Found at: 0x1bi.net:70/textfiles/file?law/cardozo.txt

Newsgroups: misc.legal,comp.orf.eff.talk
From: mnemonic@eff.org (Mike Godwin)
Subject: Cardozo Law Forum article on the Craig Neidorf Computer-Crime
Message-ID: <1992Dec1.155823.27405@eff.org>
Organization: Electronic Frontier Foundation
Date: Tue, 1 Dec 1992 15:58:23 GMT
Lines: 339
Readers of misc.legal and comp.org.eff.talk may be interested in
the following article, which addresses the intersection of
intellectual-property law and criminal law in a computer-crime case.
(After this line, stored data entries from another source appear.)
text \<open>\<open>f\<^sub>\<epsilon>\<close> has the entire primitive \<open>F\<^sub>\<epsilon>(z) = \<epsilon> z + sin z\<close> with
  \<open>F\<^sub>\<epsilon>(z + 2\<pi>) = F\<^sub>\<epsilon>(z) + 2\<pi>\<epsilon>\<close>, and an admissible contour ends at its start shifted
  by \<open>2\<pi>\<close>, so \<open>Z = 2\<pi>\<epsilon>\<close>.  The density \<open>|f\<^sub>\<epsilon>| |d\<theta>|\<close> dominates the variation of
  \<open>F\<^sub>\<epsilon>\<close> along the contour.  Since \<open>Re \<theta>\<close> advances by \<open>2\<pi>\<close>, the contour meets a zero
  \<open>u\<close> of the cosine and later \<open>u + \<pi>\<close>, where \<open>Re F\<^sub>\<epsilon> = \<epsilon> Re \<theta> \<plusminus> cosh (Im \<theta>)\<close> with
  opposite signs.  Measured at the start, at these two points and at the end, the drift
  \<open>\<epsilon> Re \<theta>\<close> cancels and the variation of \<open>Re F\<^sub>\<epsilon>\<close> is at least \<open>2 (cosh + cosh) \<ge> 4\<close>.
  So \<open>Z\<^sub>Q \<ge> 4\<close> for every \<open>\<epsilon>\<close>, and the average sign is at most \<open>2\<pi>\<epsilon>/4 = \<pi>\<epsilon>/2\<close>:
  the bound holds with \<open>C = 0\<close>.\<close>

lemma has_integral_primitive_along_path:
  fixes F f :: "complex \<Rightarrow> complex" and g :: "real \<Rightarrow> complex"
  assumes F: "\<And>z. (F has_field_derivative f z) (at z)"
    and g: "valid_path g" and ab: "0 \<le> a" "a \<le> b" "b \<le> 1"
  shows "((\<lambda>t. f (g t) * vector_derivative g (at t)) has_integral (F (g b) - F (g a))) {a..b}"
proof -
  have "f contour_integrable_on g"
    using contour_integral_primitive[OF F g subset_UNIV] by (auto simp: contour_integrable_on_def)
  then have integrable: "(\<lambda>t. f (g t) * vector_derivative g (at t)) integrable_on {a..b}"
    unfolding contour_integrable_on by (rule integrable_on_subinterval) (use ab in auto)
  have "(f has_contour_integral integral {a..b} (\<lambda>t. f (g t) * vector_derivative g (at t)))
          (subpath a b g)"
    using has_contour_integral_subpath[OF \<open>f contour_integrable_on g\<close> g] ab by auto
  moreover have "(f has_contour_integral (F (g b) - F (g a))) (subpath a b g)"
    using contour_integral_primitive[OF F valid_path_subpath[OF g] subset_UNIV] ab by simp
  ultimately have "integral {a..b} (\<lambda>t. f (g t) * vector_derivative g (at t)) = F (g b) - F (g a)"
    by (rule has_contour_integral_unique)
  with integrable_integral[OF integrable] show ?thesis
    by simp
qed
The article first appeared in September in the Cardozo Law Forum at
Cardozo Law School in New York City.
Some "Property" Problems in a Computer Crime Prosecution
     By Mike Godwin
     The spread and pervasiveness of computer technology create the
potential both for new kinds of crimes and for new variations of
traditional crimes.  Law enforcement, the judiciary, and the legislature
can respond to these potentials in two ways: by seeking new laws to
address new problems, or by attempting to apply old laws (and traditional
notions of crime) in new and unforeseen situations.  This article concerns
what hazards may face prosecutors and judges when law enforcement chooses
the latter tactic.  In particular, it shows what can happen when
prosecutors uncritically apply intellectual property notions in
prosecuting a defendant under laws passed to protect tangible property.
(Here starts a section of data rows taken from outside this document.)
(* Let $\Gamma$ be a second countable locally compact abelian group, $n\ge2$, $\omega\in\Gamma^n$. An $\omega$-invariant subset $X$ of $\Gamma$ is good if and only if every $\gamma\in X$ satisfies one of: (i) there exists $i\in\{1,\ldots,n\}$ such that $\gamma-m\omega_i\in X$ and $\gamma-m\omega_i\ne\gamma$ for every positive integer $m$; (ii) there exist $i\ne j$ in $\{1,\ldots,n\}$ such that $\gamma-m\omega_i-\omega_j\in X$ for every positive integer $m$.
   Context: A closed $X\subset\Gamma$ is $\omega$-invariant if $X+\omega_i\subset X$ for all $i$ and every $\gamma\in X$ has some $i$ with $\gamma-\omega_i\in X$. An $\omega$-invariant $X$ is bad if there is $\gamma\in X$ such that there is exactly one $i\in\{1,\ldots,n\}$ with $\gamma-\omega_i\in X$ and this $i$ satisfies $m\omega_i=0$ for some positive integer $m$; $X$ is good if it is not bad. *)

theory Defs
  imports "HOL-Analysis.Analysis"
begin

primrec nmul :: "nat \<Rightarrow> 'a::ab_group_add \<Rightarrow> 'a" where
  "nmul 0 x = 0"
| "nmul (Suc m) x = x + nmul m x"

definition omega_invariant :: "nat \<Rightarrow> (nat \<Rightarrow> 'a::{topological_ab_group_add}) \<Rightarrow> 'a set \<Rightarrow> bool" where
  "omega_invariant n \<omega> X \<longleftrightarrow> closed X
     \<and> (\<forall>i\<in>{1..n}. (\<lambda>x. x + \<omega> i) ` X \<subseteq> X)
     \<and> (\<forall>\<gamma>\<in>X. \<exists>i\<in>{1..n}. \<gamma> - \<omega> i \<in> X)"

definition omega_bad :: "nat \<Rightarrow> (nat \<Rightarrow> 'a::{topological_ab_group_add}) \<Rightarrow> 'a set \<Rightarrow> bool" where
  "omega_bad n \<omega> X \<longleftrightarrow> omega_invariant n \<omega> X \<and>
     (\<exists>\<gamma>\<in>X. \<exists>i\<in>{1..n}. (\<forall>j\<in>{1..n}. \<gamma> - \<omega> j \<in> X \<longleftrightarrow> j = i)
        \<and> (\<exists>m::nat. m > 0 \<and> nmul m (\<omega> i) = 0))"

definition omega_good :: "nat \<Rightarrow> (nat \<Rightarrow> 'a::{topological_ab_group_add}) \<Rightarrow> 'a set \<Rightarrow> bool" where
  "omega_good n \<omega> X \<longleftrightarrow> omega_invariant n \<omega> X \<and> \<not> omega_bad n \<omega> X"

end

theory Submission
  imports Defs
begin

text \<open>Every point of an \<open>\<omega>\<close>-invariant set \<open>X\<close> has a predecessor, so from \<open>\<gamma> \<in> X\<close> one can
  descend inside \<open>X\<close> along chains of any length; since \<open>X\<close> is closed under adding the \<open>\<omega> i\<close>,
  steps of such a chain may be discarded, and pigeonhole yields one \<open>i\<close> with
  \<open>\<gamma> - m \<omega>\<^sub>i \<in> X\<close> for all \<open>m\<close>. If no \<open>\<omega> i\<close> has finite order this is condition (i).
  A torsion \<open>\<omega> i\<close> can be subtracted as well as added, which gives (ii) as soon as \<open>\<gamma>\<close> has a
  predecessor \<open>\<gamma> - \<omega> j\<close> with \<open>j \<noteq> i\<close>; otherwise \<open>\<gamma>\<close> is a bad point. Conversely, at a bad
  point (i) fails because the only predecessor direction is periodic, and (ii) fails because
  \<open>\<gamma> - \<omega> i - \<omega> j \<in> X\<close> would give the two predecessors \<open>\<gamma> - \<omega> i\<close> and \<open>\<gamma> - \<omega> j\<close>.\<close>

lemma nmul_add: "nmul (a + b) x = nmul a x + nmul b x"
  by (induction a) (simp_all add: add.assoc)

lemma nmul_mult: "nmul (a * b) x = nmul b (nmul a x)"
  by (induction b) (simp_all add: nmul_add)

lemma nmul_zero [simp]: "nmul m 0 = 0"
  by (induction m) simp_all

lemma nmul_diff: "d \<le> c \<Longrightarrow> nmul (c - d) x = nmul c x - nmul d x"
  by (metis add_diff_cancel_right' le_add_diff_inverse2 nmul_add)

lemma nmul_torsion_neg:
  assumes "nmul r x = 0" and "r > 0"
  shows "nmul (r * m - m) x = - nmul m x"
proof -
  have "m \<le> r * m" using \<open>r > 0\<close> by simp
  then show ?thesis using assms by (simp add: nmul_diff nmul_mult)
qed

context
  fixes n :: nat and \<omega> :: "nat \<Rightarrow> 'a::topological_ab_group_add" and X :: "'a set"
  assumes inv: "omega_invariant n \<omega> X"
begin

lemma omega_invariant_add: "\<delta> \<in> X \<Longrightarrow> i \<in> {1..n} \<Longrightarrow> \<delta> + \<omega> i \<in> X"
  using inv unfolding omega_invariant_def by blast

lemma omega_invariant_predecessor: "\<gamma> \<in> X \<Longrightarrow> \<exists>i\<in>{1..n}. \<gamma> - \<omega> i \<in> X"
  using inv unfolding omega_invariant_def by blast

lemma omega_invariant_add_nmul: "\<delta> \<in> X \<Longrightarrow> i \<in> {1..n} \<Longrightarrow> \<delta> + nmul m (\<omega> i) \<in> X"
proof (induction m)
  case (Suc m)
  then have "\<delta> + nmul m (\<omega> i) + \<omega> i \<in> X" by (simp add: omega_invariant_add)
  then show ?case by (simp add: algebra_simps)
qed simp

lemma omega_invariant_add_combination:
  assumes "finite S" "S \<subseteq> {1..n}" "\<delta> \<in> X"
  shows "\<delta> + (\<Sum>k\<in>S. nmul (c k) (\<omega> k)) \<in> X"
  using assms
proof (induction S arbitrary: \<delta> rule: finite_induct)
  case (insert a S)
  then have "\<delta> + nmul (c a) (\<omega> a) + (\<Sum>k\<in>S. nmul (c k) (\<omega> k)) \<in> X"
    by (simp add: omega_invariant_add_nmul)
  then show ?case using insert by (simp add: algebra_simps)
qed simp

lemma omega_invariant_descending_chain:
  assumes "\<gamma> \<in> X"
  shows "\<exists>c. sum c {1..n} = L \<and> \<gamma> - (\<Sum>k\<in>{1..n}. nmul (c k) (\<omega> k)) \<in> X"
proof (induction L)
  case 0
  show ?case using assms by (intro exI[of _ "\<lambda>_. 0"]) simp
next
  case (Suc L)
  then obtain c where c: "sum c {1..n} = L" "\<gamma> - (\<Sum>k\<in>{1..n}. nmul (c k) (\<omega> k)) \<in> X"
    by blast
  then obtain j where j: "j \<in> {1..n}" "\<gamma> - (\<Sum>k\<in>{1..n}. nmul (c k) (\<omega> k)) - \<omega> j \<in> X"
    using omega_invariant_predecessor by blast
  define c' where "c' = c(j := Suc (c j))"
  have "sum c' {1..n} = Suc (sum c {1..n})"
    using j(1) by (simp add: c'_def sum.remove sum.cong[OF refl, of "{1..n} - {j}" c' c])
  moreover have "(\<Sum>k\<in>{1..n}. nmul (c' k) (\<omega> k)) = (\<Sum>k\<in>{1..n}. nmul (c k) (\<omega> k)) + \<omega> j"
    using j(1) by (simp add: c'_def sum.remove algebra_simps
        sum.cong[OF refl, of "{1..n} - {j}" "\<lambda>k. nmul (c' k) (\<omega> k)" "\<lambda>k. nmul (c k) (\<omega> k)"])
  ultimately show ?case using c j(2) by (intro exI[of _ c']) (simp add: algebra_simps)
qed

lemma omega_invariant_sub_combination:
  assumes "\<gamma> - (\<Sum>k\<in>{1..n}. nmul (c k) (\<omega> k)) \<in> X" and "\<forall>k\<in>{1..n}. d k \<le> c k"
  shows "\<gamma> - (\<Sum>k\<in>{1..n}. nmul (d k) (\<omega> k)) \<in> X"
proof -
  have "\<gamma> - (\<Sum>k\<in>{1..n}. nmul (d k) (\<omega> k))
      = \<gamma> - (\<Sum>k\<in>{1..n}. nmul (c k) (\<omega> k)) + (\<Sum>k\<in>{1..n}. nmul (c k - d k) (\<omega> k))"
    using assms(2) by (simp add: nmul_diff sum_subtractf)
  then show ?thesis
    using omega_invariant_add_combination[OF finite_atLeastAtMost order_refl assms(1),
        of "\<lambda>k. c k - d k"] by argo
qed

lemma omega_invariant_ray:
  assumes "\<gamma> \<in> X"
  shows "\<exists>i\<in>{1..n}. \<forall>m. \<gamma> - nmul m (\<omega> i) \<in> X"
proof (rule ccontr)
  assume "\<not> ?thesis"
  then obtain f where f: "\<And>i. i \<in> {1..n} \<Longrightarrow> \<gamma> - nmul (f i) (\<omega> i) \<notin> X"
    by metis
  obtain c where c: "sum c {1..n} = sum f {1..n}" "\<gamma> - (\<Sum>k\<in>{1..n}. nmul (c k) (\<omega> k)) \<in> X"
    using omega_invariant_descending_chain[OF assms] by blast
  have "{1..n} \<noteq> {}"
    using omega_invariant_predecessor[OF assms] by blast
  then obtain i where i: "i \<in> {1..n}" "f i \<le> c i"
    using c(1) sum_strict_mono[of "{1..n}" c f] by (force simp: not_le)
  define d where "d k = (if k = i then f i else 0)" for k
  have "\<gamma> - (\<Sum>k\<in>{1..n}. nmul (d k) (\<omega> k)) \<in> X"
    using omega_invariant_sub_combination[OF c(2)] i(2) by (simp add: d_def)
  moreover have "(\<Sum>k\<in>{1..n}. nmul (d k) (\<omega> k))
      = (\<Sum>k\<in>{1..n}. if k = i then nmul (f i) (\<omega> i) else 0)"
    by (rule sum.cong) (simp_all add: d_def)
  ultimately show False using f i(1) by simp
qed

lemma omega_invariant_torsion_ray:
  assumes "\<delta> \<in> X" "i \<in> {1..n}" "nmul r (\<omega> i) = 0" "r > 0"
  shows "\<delta> - nmul m (\<omega> i) \<in> X"
  using omega_invariant_add_nmul[OF assms(1,2), of "r * m - m"] nmul_torsion_neg[OF assms(3,4)]
  by simp

lemma omega_invariant_ray_or_double_ray_if_not_bad:
  assumes "\<not> omega_bad n \<omega> X" and "\<gamma> \<in> X"
  shows "(\<exists>i\<in>{1..n}. \<forall>m::nat. m > 0 \<longrightarrow>
            \<gamma> - nmul m (\<omega> i) \<in> X \<and> \<gamma> - nmul m (\<omega> i) \<noteq> \<gamma>)
     \<or> (\<exists>i\<in>{1..n}. \<exists>j\<in>{1..n}. i \<noteq> j \<and> (\<forall>m::nat. m > 0 \<longrightarrow>
            \<gamma> - nmul m (\<omega> i) - \<omega> j \<in> X))"
proof (cases "\<exists>i\<in>{1..n}. \<exists>r>0. nmul r (\<omega> i) = 0")
  case True
  then obtain i r where i: "i \<in> {1..n}" "r > 0" "nmul r (\<omega> i) = 0"
    by blast
  have "\<exists>j\<in>{1..n}. j \<noteq> i \<and> \<gamma> - \<omega> j \<in> X"
  proof (rule ccontr)
    assume no_other: "\<not> ?thesis"
    obtain p where p: "p \<in> {1..n}" "\<gamma> - \<omega> p \<in> X"
      using omega_invariant_predecessor[OF assms(2)] by blast
    with no_other have "p = i" by blast
    with p(2) have "\<gamma> - \<omega> i \<in> X" by simp
    with no_other have "\<forall>j\<in>{1..n}. \<gamma> - \<omega> j \<in> X \<longleftrightarrow> j = i"
      by blast
    then have "omega_bad n \<omega> X"
      unfolding omega_bad_def using inv assms(2) i by blast
    with assms(1) show False ..
  qed
  then obtain j where j: "j \<in> {1..n}" "j \<noteq> i" "\<gamma> - \<omega> j \<in> X"
    by blast
  have "\<gamma> - nmul m (\<omega> i) - \<omega> j \<in> X" for m
    using omega_invariant_torsion_ray[OF j(3) i(1,3,2), of m] by (simp add: algebra_simps)
  with j(2) have "i \<noteq> j \<and> (\<forall>m::nat. m > 0 \<longrightarrow> \<gamma> - nmul m (\<omega> i) - \<omega> j \<in> X)"
    by simp
  with i(1) j(1) show ?thesis by blast
next
  case False
  obtain i where i: "i \<in> {1..n}" "\<forall>m. \<gamma> - nmul m (\<omega> i) \<in> X"
    using omega_invariant_ray[OF assms(2)] by blast
  have "nmul m (\<omega> i) \<noteq> 0" if "m > 0" for m
    using False i(1) that by blast
  with i(2) have "\<forall>m::nat. m > 0 \<longrightarrow> \<gamma> - nmul m (\<omega> i) \<in> X \<and> \<gamma> - nmul m (\<omega> i) \<noteq> \<gamma>"
    by simp
  with i(1) show ?thesis by blast
qed

lemma no_ray_or_double_ray_at_bad_point:
  assumes unique: "\<forall>j\<in>{1..n}. \<gamma> - \<omega> j \<in> X \<longleftrightarrow> j = i"
    and torsion: "nmul r (\<omega> i) = 0" "r > 0"
  shows "\<not> ((\<exists>i\<in>{1..n}. \<forall>m::nat. m > 0 \<longrightarrow>
            \<gamma> - nmul m (\<omega> i) \<in> X \<and> \<gamma> - nmul m (\<omega> i) \<noteq> \<gamma>)
     \<or> (\<exists>i\<in>{1..n}. \<exists>j\<in>{1..n}. i \<noteq> j \<and> (\<forall>m::nat. m > 0 \<longrightarrow>
            \<gamma> - nmul m (\<omega> i) - \<omega> j \<in> X)))"
proof (intro notI, elim disjE bexE conjE)
  fix k
  assume k: "k \<in> {1..n}"
    and ray: "\<forall>m::nat. m > 0 \<longrightarrow> \<gamma> - nmul m (\<omega> k) \<in> X \<and> \<gamma> - nmul m (\<omega> k) \<noteq> \<gamma>"
  then have "k = i" using unique ray[rule_format, of 1] by simp
  then show False using ray[rule_format, of r] torsion by simp
next
  fix k j
  assume kj: "k \<in> {1..n}" "j \<in> {1..n}" "k \<noteq> j"
    and double_ray: "\<forall>m::nat. m > 0 \<longrightarrow> \<gamma> - nmul m (\<omega> k) - \<omega> j \<in> X"
  from double_ray[rule_format, of 1] have "\<gamma> - \<omega> k - \<omega> j \<in> X" by simp
  then have "\<gamma> - \<omega> k - \<omega> j + \<omega> j \<in> X" "\<gamma> - \<omega> k - \<omega> j + \<omega> k \<in> X"
    using kj omega_invariant_add by blast+
  then have "\<gamma> - \<omega> k \<in> X" "\<gamma> - \<omega> j \<in> X" by (simp_all add: algebra_simps)
  then have "k = i" "j = i" using unique kj(1,2) by blast+
  with kj(3) show False by simp
qed

end

theorem lemma4p3:
  fixes \<omega> :: "nat \<Rightarrow> 'a::{topological_ab_group_add, t2_space, second_countable_topology}"
    and X :: "'a set" and n :: nat
  assumes "locally_compact_space (euclidean :: 'a topology)"
    and "n \<ge> 2"
    and "omega_invariant n \<omega> X"
  shows "omega_good n \<omega> X \<longleftrightarrow>
    (\<forall>\<gamma>\<in>X.
       (\<exists>i\<in>{1..n}. \<forall>m::nat. m > 0 \<longrightarrow>
            \<gamma> - nmul m (\<omega> i) \<in> X \<and> \<gamma> - nmul m (\<omega> i) \<noteq> \<gamma>)
     \<or> (\<exists>i\<in>{1..n}. \<exists>j\<in>{1..n}. i \<noteq> j \<and> (\<forall>m::nat. m > 0 \<longrightarrow>
            \<gamma> - nmul m (\<omega> i) - \<omega> j \<in> X)))"
  (is "_ \<longleftrightarrow> (\<forall>\<gamma>\<in>X. ?ray \<gamma> \<or> ?double_ray \<gamma>)")
proof
  assume "omega_good n \<omega> X"
  then show "\<forall>\<gamma>\<in>X. ?ray \<gamma> \<or> ?double_ray \<gamma>"
    using omega_invariant_ray_or_double_ray_if_not_bad[OF assms(3)]
    unfolding omega_good_def by blast
next
  assume ray_or_double_ray: "\<forall>\<gamma>\<in>X. ?ray \<gamma> \<or> ?double_ray \<gamma>"
  show "omega_good n \<omega> X"
    unfolding omega_good_def
  proof (intro conjI notI assms(3))
    assume "omega_bad n \<omega> X"
    then obtain \<gamma> i r where \<gamma>: "\<gamma> \<in> X"
      and unique: "\<forall>j\<in>{1..n}. \<gamma> - \<omega> j \<in> X \<longleftrightarrow> j = i"
      and torsion: "nmul r (\<omega> i) = 0" "r > 0"
      unfolding omega_bad_def by (elim conjE bexE exE) blast
    from ray_or_double_ray \<gamma> have "?ray \<gamma> \<or> ?double_ray \<gamma>" ..
    with no_ray_or_double_ray_at_bad_point[OF assms(3) unique torsion] show False
      by contradiction
  qed
qed

end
     The government stumbles in a "hacker" case.
     In the recent case of U.S. v. Riggs, the Chicago U.S. Attorney's
office prosecuted two young men, Robert Riggs and Craig Neidorf, on counts
of wire fraud (18 U.S.C. 1343), interstate transportation of stolen
property (18 U.S.C.  2314) and computer fraud (18 U.S.C. 1030).  Of these
statutes, only the last was passed specifically to address the problems of
unauthorized computer intrusion; the other two are "general purpose"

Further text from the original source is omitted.